Yes, the latest Michigan Review is out, and I know you’re itching to read it’s hard-hitting and clear eyed reporting. Yes, in this week’s exciting issue, you can thrill to the verbal styling of Dan Levi, whose column “Just Stay Home,” is subtitled “Low Voter Turnout is Not Necessarily Bad for America”; or perhaps more to your liking is the polemic launched by Karl Sowislo against what he terms “Liberal Action Groups,” opining “the people who support such radical agendas almost never have common sense.” Yes, but what about when they do? In my opinion, any political position can be defended rationally or irrationally, and to criticize one for lacking “common sense” or “reason” is almost irrelevant – what about their ideas?

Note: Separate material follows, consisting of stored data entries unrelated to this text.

lemma bounded_functional_attains_norm:
  fixes \<phi> :: "'a::{complex_inner,complete_space} \<Rightarrow> complex"
  assumes add: "\<And>x y. \<phi> (x + y) = \<phi> x + \<phi> y" and scale: "\<And>a x. \<phi> (a *\<^sub>C x) = a * \<phi> x"
    and bounded: "\<And>x. cmod (\<phi> x) \<le> K * norm x" and nonzero: "\<phi> x\<^sub>0 \<noteq> 0"
  obtains u L where "norm u = 1" "\<phi> u = of_real L" "0 < L" "\<And>x. cmod (\<phi> x) \<le> L * norm x"
proof -
  have linear: "bounded_linear \<phi>"
    by (rule bounded_linear_intro[where K=K])
      (simp_all add: add scale scaleR_scaleC scaleR_conv_of_real bounded mult.commute)
  define L where "L = onorm \<phi>"
  have phi_bound: "cmod (\<phi> x) \<le> L * norm x" for x
    unfolding L_def by (rule onorm[OF linear])
  have "L > 0"
    unfolding L_def using onorm_pos_lt[OF linear] nonzero by blast
  obtain X where X_norm: "\<And>n. norm (X n) \<le> 1" and X_real: "\<And>n. Im (\<phi> (X n)) = 0"
    and X_large: "\<And>n. L - inverse (real (Suc n)) < Re (\<phi> (X n))"
    using bounded_functional_real_maximizing_sequence[OF linear scale] unfolding L_def by blast
  \<comment> \<open>by uniform convexity of the unit ball, the maximizing sequence converges\<close>
  have "Cauchy X"
  proof (rule Cauchy_if_norm_add_tendsto_2)
    show "2 - inverse (real (Suc m)) / L - inverse (real (Suc n)) / L \<le> norm (X m + X n)" for m n
    proof -
      have "2 * L - inverse (real (Suc m)) - inverse (real (Suc n)) \<le> Re (\<phi> (X m + X n))"
        using X_large[of m] X_large[of n] by (simp add: add)
      also have "\<dots> \<le> L * norm (X m + X n)"
        using complex_Re_le_cmod phi_bound order_trans by blast
      finally have "(2 * L - inverse (real (Suc m)) - inverse (real (Suc n))) / L \<le> norm (X m + X n)"
        using \<open>L > 0\<close> by (simp add: divide_le_eq mult.commute)
      then show ?thesis
        using \<open>L > 0\<close> by (simp add: diff_divide_distrib)
    qed
    show "(\<lambda>n. inverse (real (Suc n)) / L) \<longlonglongrightarrow> 0"
      using tendsto_divide_zero[OF LIMSEQ_inverse_real_of_nat] by blast
  qed (use X_norm \<open>L > 0\<close> in simp_all)
  then obtain u where X_lim: "X \<longlonglongrightarrow> u"
    using Cauchy_convergent_iff convergent_def by blast
  have "norm u \<le> 1"
    using LIMSEQ_le_const2[OF tendsto_norm[OF X_lim]] X_norm by blast
  have phi_lim: "(\<lambda>n. \<phi> (X n)) \<longlonglongrightarrow> \<phi> u"
    by (rule bounded_linear.tendsto[OF linear X_lim])
  have "Re (\<phi> (X n)) \<le> L" for n
    using complex_Re_le_cmod[of "\<phi> (X n)"] phi_bound[of "X n"] X_norm[of n] \<open>L > 0\<close>
    by (smt (verit) mult_left_le)
  then have "Re (\<phi> u) \<le> L"
    using LIMSEQ_le_const2[OF tendsto_Re[OF phi_lim]] by blast
  moreover have "L \<le> Re (\<phi> u)"
  proof (rule LIMSEQ_le[OF _ tendsto_Re[OF phi_lim]])
    show "(\<lambda>n. L - inverse (real (Suc n))) \<longlonglongrightarrow> L"
      using tendsto_diff[OF tendsto_const LIMSEQ_inverse_real_of_nat, of L] by simp
  qed (use X_large in \<open>auto intro: less_imp_le\<close>)
  moreover have "Im (\<phi> u) = 0"
    using tendsto_Im[OF phi_lim] by (simp add: X_real LIMSEQ_const_iff)
  ultimately have phi_u: "\<phi> u = of_real L"
    by (simp add: complex_eq_iff)
  have "norm u = 1"
    using phi_bound[of u] \<open>norm u \<le> 1\<close> \<open>L > 0\<close> by (simp add: phi_u)
  then show ?thesis
    using phi_u \<open>L > 0\<close> phi_bound by (rule that)
qed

Meanwhile, Sowislo characterizes Ann Arbor as a “socialist epicenter,” leading me to ask, if this is such a “socialist” city, where are the socialists? Liberal, perhaps, but certainly not much more. No, a few cranky Trotskyites running the show over at BAM-N don’t count, neither do the few people who set up a table at South University and East University when the weather is nice. In fact, in my experience not only are the authentically radical faculty few and reserved about their politics, the Michigan Daily is increasingly lurching to the right, now barely toeing an extremely moderate if outright centrist politics, whose editors are either registered republicans or thoroughly skeptical “objective” journalists content to parrot the administration’s line. Meanwhile the “socialist” city council has an anemic affordable housing program, and recently replaced their homeless shelter (run as a non-profit – wouldn’t want any tax money helping them out!) with a new one – although precisely the same size as the old one. Yes, all of this in combination with a relatively low-key activist scene makes me think the review shouldn’t have much to make them feel uncomfortable.